De acordo com os autos do processo, após supostamente ter feito uso de medicamentos abortivos, a mulher deu entrada no Hospital, que acionou a Polícia Militar. A autoridade policial compareceu ao estabelecimento, ocasião em que uma enfermeira confirmou o relatado.
Posteriormente, a profissional foi ouvida na Delegacia, confirmando a denúncia e o Hospital entregou prontuário médico da paciente à polícia. Foi este material que embasou a denúncia e posterior abertura de ação.
Após a instaurado o processo, a Defensoria Pública, por meio de seu Nudem – Núcleo Especializado de Proteção e Defesa dos Direitos das Mulheres, impetrou habeas corpus perante o TJ/SP, pedindo o trancamento da ação penal em razão da atipicidade da conduta imputada, considerada a inconstitucionalidade da criminalização do abortamento; da ausência de justa causa para a propositura da ação penal, dada a ilicitude dos elementos de prova existente nos autos; e da ausência de materialidade delitiva.
“Imperioso destacar que os únicos elementos probatórios, insuficientes, por sinal, veiculados nos autos derivam de prova maculada por violação de sigilo profissional, o que – necessariamente – elimina a justa causa para a propositura da ação penal e enseja a nulidade dos atos processuais subsequentes”, sustentaram na petição as Defensoras Públicas Ana Rita Souza Prata e Paula Sant’Anna Machado de Souza.
Elas sustentaram que as únicas causas legítimas previstas tanto no regramento jurídico como no código profissional para a revelação do que o médico ouviu de seu paciente em confidência, durante o tratamento, podem ser a de evitar danos concretos e futuros a terceiros ou mediante o expresso consentimento do próprio paciente.

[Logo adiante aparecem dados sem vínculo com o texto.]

text \<open>A user of e at step t either has not moved yet (and used e initially) or has moved.\<close>
lemma load_le_initial_plus_peak:
  assumes cov: "is_covering N Sig T St mv" and N: "finite N" and t: "t \<le> T"
  shows "load N (St t) e \<le> load N (St 0) e + peak_moved_users N St mv T e"
proof -
  have "{j\<in>N. e \<in> St t j}
      \<subseteq> {j\<in>N. e \<in> St 0 j} \<union> {j\<in>N. (\<exists>\<tau>\<in>{1..t}. mv \<tau> = j) \<and> e \<in> St t j}"
  proof (intro subsetI)
    fix j assume j: "j \<in> {j\<in>N. e \<in> St t j}"
    show "j \<in> {j\<in>N. e \<in> St 0 j} \<union> {j\<in>N. (\<exists>\<tau>\<in>{1..t}. mv \<tau> = j) \<and> e \<in> St t j}"
    proof (cases "\<exists>\<tau>\<in>{1..t}. mv \<tau> = j")
      case False
      then have "St t j = St 0 j" by (intro covering_strategy_unchanged[OF cov t]) auto
      then show ?thesis using j by simp
    qed (use j in simp)
  qed
  then have "load N (St t) e
      \<le> card ({j\<in>N. e \<in> St 0 j} \<union> {j\<in>N. (\<exists>\<tau>\<in>{1..t}. mv \<tau> = j) \<and> e \<in> St t j})"
    unfolding load_def using N by (intro card_mono) auto
  also have "\<dots> \<le> load N (St 0) e + moved_users N St mv e t"
    unfolding load_def moved_users_def by (rule card_Un_le)
  also have "moved_users N St mv e t \<le> peak_moved_users N St mv T e"
    unfolding peak_moved_users_def using t by (intro Max_ge) auto
  finally show ?thesis by simp
qed

text \<open>Step (2) for a single resource: order the moved users of e at the peak step by their
  last moves; when the k-th of them moves last, at least k of them use e.\<close>
lemma peak_sq_le:
  assumes cov: "is_covering N Sig T St mv" and N: "finite N"
  shows "(peak_moved_users N St mv T e)^2
           \<le> 2 * (\<Sum>\<tau>\<in>{1..T}. if e \<in> St \<tau> (mv \<tau>) then load N (St \<tau>) e else 0)"
proof -
  have "peak_moved_users N St mv T e \<in> moved_users N St mv e ` {0..T}"
    unfolding peak_moved_users_def by (intro Max_in) auto
  then obtain ts where ts: "ts \<le> T" and peak: "peak_moved_users N St mv T e = moved_users N St mv e ts"
    by auto
  define H where "H = {j\<in>N. (\<exists>\<tau>\<in>{1..ts}. mv \<tau> = j) \<and> e \<in> St ts j}"
  define lt where "lt = last_move ts mv"
  have moved: "\<exists>\<tau>\<in>{1..ts}. mv \<tau> = j" if "j \<in> H" for j using that unfolding H_def by blast
  have uses: "e \<in> St (lt j) q" if "j \<in> H" "q \<in> H" "lt q \<le> lt j" for j q
  proof -
    have "lt j \<le> ts" using last_move_props(1)[OF moved[OF that(1)]] unfolding lt_def by simp
    then have "St (lt j) q = St ts q"
      using strategy_after_last_move[OF cov ts moved[OF that(2)]] that(3) unfolding lt_def by blast
    then show ?thesis using that(2) unfolding H_def by simp
  qed
  have below: "card {q\<in>H. lt q \<le> lt j} \<le> load N (St (lt j)) e" if "j \<in> H" for j
  proof -
    have "{q\<in>H. lt q \<le> lt j} \<subseteq> {q\<in>N. e \<in> St (lt j) q}"
      using uses[OF that] unfolding H_def by auto
    then show ?thesis unfolding load_def using N by (intro card_mono) auto
  qed
  have inj: "inj_on lt H"
    using last_move_props(2)[OF moved] unfolding lt_def by (metis inj_onI)
  have img: "lt ` H \<subseteq> {\<tau>\<in>{1..T}. e \<in> St \<tau> (mv \<tau>)}"
    using last_move_props(1,2)[OF moved] uses ts unfolding lt_def by fastforce
  have "(peak_moved_users N St mv T e)^2 = (card H)^2"
    unfolding peak moved_users_def H_def ..
  also have "\<dots> \<le> 2 * (\<Sum>j\<in>H. card {q\<in>H. lt q \<le> lt j})"
    using N unfolding H_def by (intro card_sq_le_twice_pairs_below) simp
  also have "\<dots> \<le> 2 * (\<Sum>j\<in>H. load N (St (lt j)) e)"
    by (intro mult_left_mono sum_mono below) auto
  also have "(\<Sum>j\<in>H. load N (St (lt j)) e) = (\<Sum>\<tau>\<in>lt ` H. load N (St \<tau>) e)"
    by (simp add: sum.reindex[OF inj])
  also have "\<dots> \<le> (\<Sum>\<tau>\<in>{\<tau>\<in>{1..T}. e \<in> St \<tau> (mv \<tau>)}. load N (St \<tau>) e)"
    by (rule sum_mono2[OF _ img]) auto
  also have "\<dots> = (\<Sum>\<tau>\<in>{1..T}. if e \<in> St \<tau> (mv \<tau>) then load N (St \<tau>) e else 0)"
    by (rule sum.inter_filter) simp
  finally show ?thesis by simp
qed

“Entender que o sigilo profissional não prevalece diante da persecução penal e que o médico tem o dever de noticiar a prática de crimes, mesmo contra o seu paciente, faria ruir por completo as normas constitucionais que protegem o direito à intimidade, o privilégio contra a autoincriminação e o direito à saúde”, afirmaram as Defensoras.
O núcleo especializado de segunda instância e tribunais superiores da defensoria participou do processo. A defensora pública Juliana Garcia Belloque fez a sustentação oral.
Sigilo de informações
No acórdão, proferido pela 12ª câmara de Direito Criminal do TJ/SP, o argumento da Defensoria foi acolhido para trancar a ação penal. “Parece claro que o regramento específico da profissão médica, ressalvando a hipótese excepcional de ‘motivo justo’, exige que o profissional respeite o sigilo das informações do paciente que obtiver no exercício de sua profissão”, observou o relator, desembargador Amable Lopez Soto.
“Ausente, ao que se conclui, causa que justificasse a quebra do dever de sigilo profissional. Quebra que, por ser o cerne da investigação policial investigação que serviu de base para a propositura da ação penal, contaminou todas as demais provas produzidas nos autos, com destaque para a prova oral e para a remessa da ficha médica da paciente à autoridade policial que a requisitou de ofício”, decidiu o magistrado.
O desembargador também disse que “a LGPD possui um rol de hipóteses que permite o legítimo tratamento de dados sensíveis. Infere-se que nenhuma das hipóteses elencadas permite ao profissional de saúde compartilhar dados referentes ao estado clínico sem o consentimento do paciente”.